コロナ禍は歯科医院の経営に多大な影響を及ぼしています。診療圏の縮小や歯科医療の需要減少など、集患と経営維持にダメージを与える事象が生じ、今後長きに渡って継続するものと予測できます。

このような苦境を乗りこえ経営を安定させるためには、先の見えない時代にふさわしい「4つの視点」と「5つの条件」を知っておく必要があります。

歯科医院の院長は、経営者であるだけでなく、組織のなかで最も忙しく働く労働者でもあります。多忙を極め、学習したくても学習時間が確保しづらい皆さまに対して、コンサルタントとしてどのような知見を提供できるか。 そう考えながら書き上げたのが、先に公開した「2020年を振り返る〜コロナ禍の歯科医院経営に対する影響」と本稿、そして後日寄稿するものを含めた3本の記事です。

ぜひ最後までお読みいただき、歯科医院経営に欠かせない、即効性のあるTipsをお持ち帰りいただければ幸いです。

先が見えない時代に欠かせない「VUCA」の視点

VUCA(ブーカ)という言葉を初めて目にした方もいるかもしれません。元々は軍事用語で、「V=Volatility(変動性)」「U=Uncertainty(不確実性)」「C=Complexity(複雑性)」「A=Ambiguity(曖昧性)」の頭文字を取った言葉です。

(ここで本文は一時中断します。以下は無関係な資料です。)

(* Let $k$ be a field and let $A = H_{\bullet}(\overline{M}_{0,5})$ be the homology ring (isomorphic to the Chow ring) of the moduli space $\overline{M}_{0,5}$ of stable $5$-pointed curves of genus zero, graded so that the classes $D^S$ of boundary divisors have degree $1$. Then $A$ is a Koszul algebra.
   Context: By Keel's presentation, for $n\ge 4$ the ring $H_{\bullet}(\overline{M}_{0,n})$ is the commutative graded $k$-algebra generated in degree $1$ by variables $D^S$, indexed by subsets $S\subset\{1,\dots,n\}$ with $|S|\ge 2$ and $|S^C|\ge 2$, with $D^S=D^{S^C}$, subject to the relations: (1) for any four distinct $i,j,k,l\in\{1,\dots,n\}$, $\sum_{i,j\in S,\,k,l\notin S} D^S=\sum_{i,k\in S,\,j,l\notin S} D^S=\sum_{i,l\in S,\,j,k\notin S} D^S$; (2) $D^SD^T=0$ unless $S\subset T$, $T\subset S$, $S\subset T^C$, or $T^C\subset S$. A quadratic graded algebra is Koszul if its trivial module $k$ admits a linear graded free resolution. *)

theory Defs
  imports Main "HOL-Library.Poly_Mapping"
begin

text \<open>Polynomials over a coefficient ring 'k in commuting variables X_S, S :: nat set.
  A monomial is a finitely supported exponent vector (nat set =>0 nat).\<close>

type_synonym 'k kpoly = "(nat set \<Rightarrow>\<^sub>0 nat) \<Rightarrow>\<^sub>0 'k"

definition var :: "nat set \<Rightarrow> 'k::comm_ring_1 kpoly" where
  "var S = Poly_Mapping.single (Poly_Mapping.single S 1) 1"

definition mdeg :: "(nat set \<Rightarrow>\<^sub>0 nat) \<Rightarrow> nat" where
  "mdeg m = (\<Sum>S\<in>Poly_Mapping.keys m. Poly_Mapping.lookup m S)"

definition linear_form :: "'k::comm_ring_1 kpoly \<Rightarrow> bool" where
  "linear_form p \<longleftrightarrow> (\<forall>m\<in>Poly_Mapping.keys p. mdeg m = 1)"

inductive_set ideal_gen :: "'a::comm_ring_1 set \<Rightarrow> 'a set" for G where
  zero: "0 \<in> ideal_gen G"
| base: "g \<in> G \<Longrightarrow> g \<in> ideal_gen G"
| add: "x \<in> ideal_gen G \<Longrightarrow> y \<in> ideal_gen G \<Longrightarrow> x + y \<in> ideal_gen G"
| mult: "x \<in> ideal_gen G \<Longrightarrow> r * x \<in> ideal_gen G"

definition bdiv :: "nat \<Rightarrow> nat set \<Rightarrow> bool" where
  "bdiv n S \<longleftrightarrow> S \<subseteq> {1..n} \<and> 2 \<le> card S \<and> 2 \<le> card ({1..n} - S)"
lemma Adler_bound_pieces:
  assumes "x \<in> \<Union>pieces"
  shows "\<bar>deriv (deriv (T_alpha \<alpha>)) x / (deriv (T_alpha \<alpha>) x)\<^sup>2\<bar> \<le> 2"
proof (rule deriv_T_alpha_pieces[OF assms])
  fix s assume s: "s = 1 \<or> s = - 1"
    and D1: "deriv (T_alpha \<alpha>) x = - s / x\<^sup>2" and D2: "deriv (deriv (T_alpha \<alpha>)) x = 2 * s / x ^ 3"
  have x: "0 < x" "x < 1"
    using assms Union_pieces_subset left_end_pos by fastforce+
  then have "deriv (deriv (T_alpha \<alpha>)) x / (deriv (T_alpha \<alpha>) x)\<^sup>2 = 2 * s * x"
    unfolding D1 D2 using s by (auto simp: field_simps power2_eq_square power3_eq_cube)
  then show ?thesis
    using s x by auto
qed

lemma floor_recip_le_max_index:
  assumes "left_end < x"
  shows "nat \<lfloor>1 / x\<rfloor> \<le> max_index"
proof -
  have "1 / x < 1 / left_end"
    using assms left_end_pos by (simp add: field_simps)
  then show ?thesis
    unfolding max_index_def by (intro nat_mono) linarith
qed

lemma mem_Union_pieces:
  assumes "left_end < x" and "x \<le> 1"
    and "x \<notin> (\<lambda>n. 1 / real n) ` {1..max_index}"
    and "x \<notin> (\<lambda>n. 1 / (real n + \<alpha>)) ` {1..max_index}"
  shows "x \<in> \<Union>pieces"
proof -
  have "1 \<le> 1 / x"
    using assms(1,2) left_end_pos by (simp add: field_simps)
  define n where "n = nat \<lfloor>1 / x\<rfloor>"
  have n: "1 \<le> n" "n \<le> max_index" "real n \<le> 1 / x" "1 / x < real n + 1"
    using \<open>1 \<le> 1 / x\<close> floor_recip_le_max_index[OF assms(1)] unfolding n_def by linarith+
  have "x = 1 / (1 / x)"
    by simp
  then have "1 / x \<noteq> real n" "1 / x \<noteq> real n + \<alpha>"
    using assms(3,4) n(1,2) by (metis atLeastAtMost_iff image_eqI)+
  then have "x \<in> D_piece n \<or> x \<in> C_piece n"
    using n assms(1) unfolding D_piece_def C_piece_def recip_band_def by auto
  then show ?thesis
    unfolding pieces_def using n(1,2) by auto
qed

lemma finite_I_alpha_diff_pieces: "finite (I_alpha \<alpha> - \<Union>pieces)"
proof (rule finite_subset)
  show "I_alpha \<alpha> - \<Union>pieces \<subseteq>
      {left_end} \<union> (\<lambda>n. 1 / real n) ` {1..max_index} \<union> (\<lambda>n. 1 / (real n + \<alpha>)) ` {1..max_index}"
  proof
    fix x assume "x \<in> I_alpha \<alpha> - \<Union>pieces"
    then show "x \<in> {left_end} \<union> (\<lambda>n. 1 / real n) ` {1..max_index} \<union> (\<lambda>n. 1 / (real n + \<alpha>)) ` {1..max_index}"
      using mem_Union_pieces[of x] unfolding I_alpha_eq by (cases "x = left_end") auto
  qed
qed simp

lemma D_piece_1_eq: "D_piece 1 = {max left_end (1 / (1 + \<alpha>))<..<1}"
  using recip_band_eq_interval[of left_end 1 "1 + \<alpha>"] left_end_pos alpha_gt_0
  unfolding D_piece_def by simp

lemma D_piece_1_nonempty: "max left_end (1 / (1 + \<alpha>)) < 1"
  using alpha_gt_0 alpha_lt_1 unfolding left_end_def by (simp add: field_simps)

lemma D_piece_1_in_pieces: "D_piece 1 \<in> pieces"
proof -
  have "1 \<le> max_index"
    using floor_recip_le_max_index[of 1] D_piece_1_nonempty by simp
  then have "D_piece 1 \<in> D_piece ` {1..max_index}"
    by simp
  moreover have "D_piece 1 \<noteq> {}"
    using D_piece_1_eq D_piece_1_nonempty by (simp del: max_less_iff_conj)
  ultimately show ?thesis
    unfolding pieces_def by simp
qed

lemma T_alpha_D_piece_1:
  assumes "y \<in> D_piece 1"
  shows "T_alpha \<alpha> y = 2 - 1 / y"
  using T_alpha_D_piece[OF _ assms] by simp

lemma deriv_T_alpha_D_piece_1:
  assumes "y \<in> D_piece 1"
  shows "deriv (T_alpha \<alpha>) y = 1 / y\<^sup>2"
proof -
  have "open (D_piece 1)" "D_piece 1 \<subseteq> {0<..}"
    using D_piece_1_eq left_end_pos by auto
  then show ?thesis
    using reciprocal_branch_deriv(2)[of "D_piece 1" "T_alpha \<alpha>" "- 1" 2] T_alpha_D_piece_1 assms
    by simp
qed

lemma indifferent_fixed_point_D_piece_1:
  shows "(T_alpha \<alpha> \<longlongrightarrow> 1) (at 1 within D_piece 1)"
    and "(deriv (T_alpha \<alpha>) \<longlongrightarrow> 1) (at 1 within D_piece 1)"
    and "\<And>x y. x \<in> D_piece 1 \<Longrightarrow> y \<in> D_piece 1 \<Longrightarrow> x \<le> y \<Longrightarrow>
           deriv (T_alpha \<alpha>) y \<le> deriv (T_alpha \<alpha>) x"
proof -
  have "((\<lambda>y. 2 - 1 / y) \<longlongrightarrow> 1) (at 1 within D_piece 1)"
    by (rule tendsto_eq_intros refl | simp)+
  then show "(T_alpha \<alpha> \<longlongrightarrow> 1) (at 1 within D_piece 1)"
    by (rule Lim_cong_within[THEN iffD2, rotated -1]) (auto simp: T_alpha_D_piece_1)
  have "((\<lambda>y. 1 / y\<^sup>2) \<longlongrightarrow> 1) (at 1 within D_piece 1)"
    by (rule tendsto_eq_intros refl | simp)+
  then show "(deriv (T_alpha \<alpha>) \<longlongrightarrow> 1) (at 1 within D_piece 1)"
    by (rule Lim_cong_within[THEN iffD2, rotated -1]) (auto simp: deriv_T_alpha_D_piece_1)
  fix x y assume xy: "x \<in> D_piece 1" "y \<in> D_piece 1" "x \<le> y"
  then have "0 < x"
    using D_piece_1_eq left_end_pos by auto
  then have "x\<^sup>2 \<le> y\<^sup>2"
    using xy(3) by (intro power_mono) auto
  then show "deriv (T_alpha \<alpha>) y \<le> deriv (T_alpha \<alpha>) x"
    using xy \<open>0 < x\<close> by (simp add: deriv_T_alpha_D_piece_1 frac_le)
qed
(* For each integer $k\ge1$, the monoid $M_k$ is isomorphic to $I_k$.
   Context: Construction $\mu$: let $M$ be a monoid, $f\colon M\to M$ an endomorphism, and $t\in M$ such that $st=tf(s)$ for all $s\in M$. Then $\mu(M,t,f)=(N,\tau,\phi)$ where $N$ is the disjoint union of $M$ and $\{\tau s : s\in M\}$ ($\tau$ a new symbol, $\tau s$ denoting the pair $(\tau,s)$); writing $\tau^0s=s$ and $\tau^1 s=\tau s$, define $\phi\colon N\to M\subseteq N$ by $\phi(\tau^e s)=t^ef(s)$ and multiplication by $(\tau^{e_1}s_1)(\tau^{e_2}s_2)=\tau^{e_1}(s_1s_2)$ if $e_2=0$ and $=\tau(\phi(\tau^{e_1}s_1)s_2)$ if $e_2=1$; $\tau$ denotes $\tau 1_M$. Then $N$ is a monoid, $\phi$ an endomorphism of $N$, and $\sigma\tau=\tau\phi(\sigma)$ for all $\sigma\in N$. Recursively: $M_1$ is the one-element monoid, $t_1$ its unique element, $f_1$ its unique endomorphism; $(M_{k+1},t_{k+1},f_{k+1})=\mu(M_k,t_k,f_k)$. $I_k$ is the monoid under composition of all $g\colon\{0,\dots,k-1\}\to\{0,\dots,k-1\}$ with $g(0)=0$ and $g(i-1)\le g(i)\le g(i-1)+1$ for $0<i<k$. *)

theory Defs
  imports "HOL-Algebra.Group" "HOL-Library.FuncSet"
begin

text \<open>Encoding: an element of the disjoint union N = M + {tau s : s in M} is encoded
  as the list e # s, where the Boolean e is the exponent of tau (False = 0, True = 1)
  and s is the (list-encoded) element of M.\<close>

type_synonym triple = "bool list monoid \<times> bool list \<times> (bool list \<Rightarrow> bool list)"

text \<open>phi restricted to values in M: phi(tau^e s) = t^e f(s).\<close>
definition mu_phi :: "bool list monoid \<Rightarrow> bool list \<Rightarrow> (bool list \<Rightarrow> bool list) \<Rightarrow> bool list \<Rightarrow> bool list" where
  "mu_phi M t f x = (if hd x then t \<otimes>\<^bsub>M\<^esub> f (tl x) else f (tl x))"

definition mu :: "triple \<Rightarrow> triple" where
  "mu T = (case T of (M, t, f) \<Rightarrow>
     (\<lparr>carrier = {e # s | e s. s \<in> carrier M},
       mult = (\<lambda>x y. if \<not> hd y then hd x # (tl x \<otimes>\<^bsub>M\<^esub> tl y)
                      else True # (mu_phi M t f x \<otimes>\<^bsub>M\<^esub> tl y)),
       one = False # \<one>\<^bsub>M\<^esub>\<rparr>,
      True # \<one>\<^bsub>M\<^esub>,
      (\<lambda>x. False # mu_phi M t f x)))"

text \<open>Mseq n = (M_{n+1}, t_{n+1}, f_{n+1}).\<close>
fun Mseq :: "nat \<Rightarrow> triple" where
  "Mseq 0 = (\<lparr>carrier = {[]}, mult = (\<lambda>x y. []), one = []\<rparr>, [], (\<lambda>x. []))"
| "Mseq (Suc n) = mu (Mseq n)"
(* Let $M$ be a generic regular closed curve with arc-length parameterization $f$. Then the number of elements of the sequence of division points $\mathcal{S}_M$ is even.
   Context: Generic means $f$ lies in the set $\mathcal{G}$: $f$ is regular with only transversal self-crossings, only non-degenerate inflexion points (curvature changes sign and $\det(f',f''')\ne0$) and no undulation points; at least one point of each parallel pair is not an inflexion point; and further finitely many non-degeneracy conditions on parallel pairs (involving curvature, its first two arc-length derivatives, and collinearity of chords) hold. Two distinct points of $M$ form a parallel pair if their tangent lines are parallel. The sequence of division points $\mathcal{S}_M$: if $M$ has inflexion points, it is the set of all parameters $s$ such that $f(s)$ is an inflexion point or the tangent line at $f(s)$ is parallel to the tangent line at some inflexion point; if $M$ has no inflexion points, it is the set of all $s$ with $f'(s)$ parallel to $f'(s_0)$ for a fixed $s_0$ (including $s_0$); in both cases ordered compatibly with the orientation of $M$. *)

theory Defs
  imports "HOL-Analysis.Analysis"
begin

definition Dk :: "nat \<Rightarrow> (real \<Rightarrow> real^2) \<Rightarrow> real \<Rightarrow> real^2" where
  "Dk k f s = (\<chi> i. (deriv ^^ k) (\<lambda>t. f t $ i) s)"

definition smooth_curve :: "(real \<Rightarrow> real^2) \<Rightarrow> bool" where
  "smooth_curve f \<longleftrightarrow> (\<forall>k i s. (deriv ^^ k) (\<lambda>t. f t $ i) differentiable (at s))"

definition det2 :: "real^2 \<Rightarrow> real^2 \<Rightarrow> real" where
  "det2 u v = u $ 1 * v $ 2 - u $ 2 * v $ 1"

definition arclength_closed_curve :: "(real \<Rightarrow> real^2) \<Rightarrow> real \<Rightarrow> bool" where
  "arclength_closed_curve f L \<longleftrightarrow>
     smooth_curve f \<and> L > 0 \<and> (\<forall>s. f (s + L) = f s) \<and>
     (\<forall>p. 0 < p \<and> p < L \<longrightarrow> (\<exists>s. f (s + p) \<noteq> f s)) \<and>
     (\<forall>s. norm (Dk 1 f s) = 1)"

text \<open>Signed curvature of a unit-speed curve.\<close>
definition curvature :: "(real \<Rightarrow> real^2) \<Rightarrow> real \<Rightarrow> real" where
  "curvature f s = det2 (Dk 1 f s) (Dk 2 f s)"

definition sign_change :: "(real \<Rightarrow> real) \<Rightarrow> real \<Rightarrow> bool" where
  "sign_change g s \<longleftrightarrow>
     (\<exists>e>0. \<forall>t u. s - e < t \<and> t < s \<and> s < u \<and> u < s + e \<longrightarrow> g t * g u < 0)"

definition inflexion :: "(real \<Rightarrow> real^2) \<Rightarrow> real \<Rightarrow> bool" where
  "inflexion f s \<longleftrightarrow> curvature f s = 0 \<and> sign_change (curvature f) s"

text \<open>Undulation point: tangent line with contact of order at least 4.\<close>
definition undulation :: "(real \<Rightarrow> real^2) \<Rightarrow> real \<Rightarrow> bool" where
  "undulation f s \<longleftrightarrow> curvature f s = 0 \<and> det2 (Dk 1 f s) (Dk 3 f s) = 0"

definition generic :: "(real \<Rightarrow> real^2) \<Rightarrow> real \<Rightarrow> bool" where
  "generic f L \<longleftrightarrow>
     (\<forall>s\<in>{0..<L}. \<forall>t\<in>{0..<L}. s \<noteq> t \<and> f s = f t \<longrightarrow> det2 (Dk 1 f s) (Dk 1 f t) \<noteq> 0) \<and>
     (\<forall>s. curvature f s = 0 \<longrightarrow> inflexion f s \<and> det2 (Dk 1 f s) (Dk 3 f s) \<noteq> 0) \<and>
     (\<forall>s. \<not> undulation f s) \<and>
     (\<forall>s\<in>{0..<L}. \<forall>t\<in>{0..<L}. f s \<noteq> f t \<and> det2 (Dk 1 f s) (Dk 1 f t) = 0
        \<longrightarrow> \<not> inflexion f s \<or> \<not> inflexion f t)"

text \<open>The sequence of division points S_M, as a set of parameters in [0,L).\<close>
definition division_points :: "(real \<Rightarrow> real^2) \<Rightarrow> real \<Rightarrow> real \<Rightarrow> real set" where
  "division_points f L s0 =
     (if \<exists>t\<in>{0..<L}. inflexion f t
      then {s\<in>{0..<L}. inflexion f s \<or>
              (\<exists>t\<in>{0..<L}. inflexion f t \<and> det2 (Dk 1 f s) (Dk 1 f t) = 0)}
      else {s\<in>{0..<L}. det2 (Dk 1 f s) (Dk 1 f s0) = 0})"

end

theory Submission
  imports Defs
begin

text \<open>For v \<noteq> 0 the function s \<mapsto> det2 (f' s) v vanishes exactly where the tangent is parallel
  to v. At such a zero its derivative det2 (f'' s) v vanishes iff the curvature does, so by
  genericity the zero is a sign change at non-inflexion points and, as det2 (f''' s) v \<noteq> 0, a
  sign-preserving zero at inflexion points. A continuous periodic function all of whose zeros are
  of these two kinds changes sign an even number of times per period. Hence, for every direction,
  the non-inflexion points with tangent in that direction are even in number, and so are the
  inflexion points, the sign changes of the curvature. If there are inflexion points, S_M is the
  disjoint union, over the inflexion points t, of the points with tangent parallel to that at t;
  each of these sets has odd size (t plus an even number of non-inflexion points), and an even
  number of odd sizes adds up to an even number.\<close>

definition sign_preserved :: "(real \<Rightarrow> real) \<Rightarrow> real \<Rightarrow> bool" where
  "sign_preserved g s \<longleftrightarrow>
     (\<exists>e>0. \<forall>t u. s - e < t \<and> t < s \<and> s < u \<and> u < s + e \<longrightarrow> g t * g u > 0)"

lemma sign_change_uminus_iff [simp]: "sign_change (\<lambda>x. - g x) s \<longleftrightarrow> sign_change g s"
  by (simp add: sign_change_def)

lemma sign_preserved_uminus_iff [simp]: "sign_preserved (\<lambda>x. - g x) s \<longleftrightarrow> sign_preserved g s"
  by (simp add: sign_preserved_def)

lemma not_sign_change_and_preserved: "\<not> (sign_change g s \<and> sign_preserved g s)"
proof
  assume "sign_change g s \<and> sign_preserved g s"
  then obtain e1 e2 where
    e1: "e1 > 0" "\<forall>t u. s - e1 < t \<and> t < s \<and> s < u \<and> u < s + e1 \<longrightarrow> g t * g u < 0" and
    e2: "e2 > 0" "\<forall>t u. s - e2 < t \<and> t < s \<and> s < u \<and> u < s + e2 \<longrightarrow> g t * g u > 0"
    unfolding sign_change_def sign_preserved_def by blast
  define d where "d = min e1 e2 / 2"
  have "g (s - d) * g (s + d) < 0" "g (s - d) * g (s + d) > 0"
    using e1(2)[rule_format, of "s - d" "s + d"] e2(2)[rule_format, of "s - d" "s + d"] e1(1) e2(1)
    by (auto simp: d_def)
  then show False by simp
qed

lemma eventually_nonzero_if_sign_change_or_preserved:
  assumes "sign_change g s \<or> sign_preserved g s"
  shows "\<forall>\<^sub>F y in at s. g y \<noteq> 0"
proof -
  obtain e where "e > 0"
    and e: "\<And>t u. s - e < t \<Longrightarrow> t < s \<Longrightarrow> s < u \<Longrightarrow> u < s + e \<Longrightarrow> g t * g u \<noteq> 0"
    using assms unfolding sign_change_def sign_preserved_def by (metis less_irrefl)
  have "g y \<noteq> 0" if "y \<noteq> s" "dist y s < e" for y
  proof (cases "y < s")
    case True
    then show ?thesis using e[of y "s + e/2"] that \<open>e > 0\<close> by (auto simp: dist_real_def)
  next
    case False
    then show ?thesis using e[of "s - e/2" y] that \<open>e > 0\<close> by (auto simp: dist_real_def)
  qed
  then show ?thesis unfolding eventually_at using \<open>e > 0\<close> by blast
qed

世の中の変化のスピードが年々早くなっています。未来予想が難しく、世の中の価値観も激しく変わる今、組織をどのように経営していけばいいか。この視点に立ったとき、VUCAはとても有用な概念です。

「V」「U」「C」「A」とは、それぞれこのような意味があります。

V=Volatility(変動性)

U=Uncertainty(不確実性)

C=Complexity(複雑性)

A=Ambiguity(曖昧性)

コロナ禍の影響で、今まで流行っていたものが流行らなくなり、反対に注目されていなかったことが重要になったりと様々な変化が起こりました。

物事や価値観が変動し、不確実で、複雑で、曖昧である。この4つの要素がからみあうVUCAワールドは、コロナ禍が招いた混沌の世界そのものだといえるでしょう。

VUCAワールドで歯科医院が勝ち残るための5つの条件とは

「2020年を振り返る〜コロナ禍の歯科医院経営に対する影響」では、コロナ禍が社会にもたらした変化と、それらが歯科医院の経営に与えた影響を解説しました。

新規患者の集客と定期検診が激減しています。キャッシュの確保もままなりません。先が見通せず不安ばかりが募る状況です。

このような苦境を乗り越えるために必要なことはなんでしょうか。5つの条件を立ててみました。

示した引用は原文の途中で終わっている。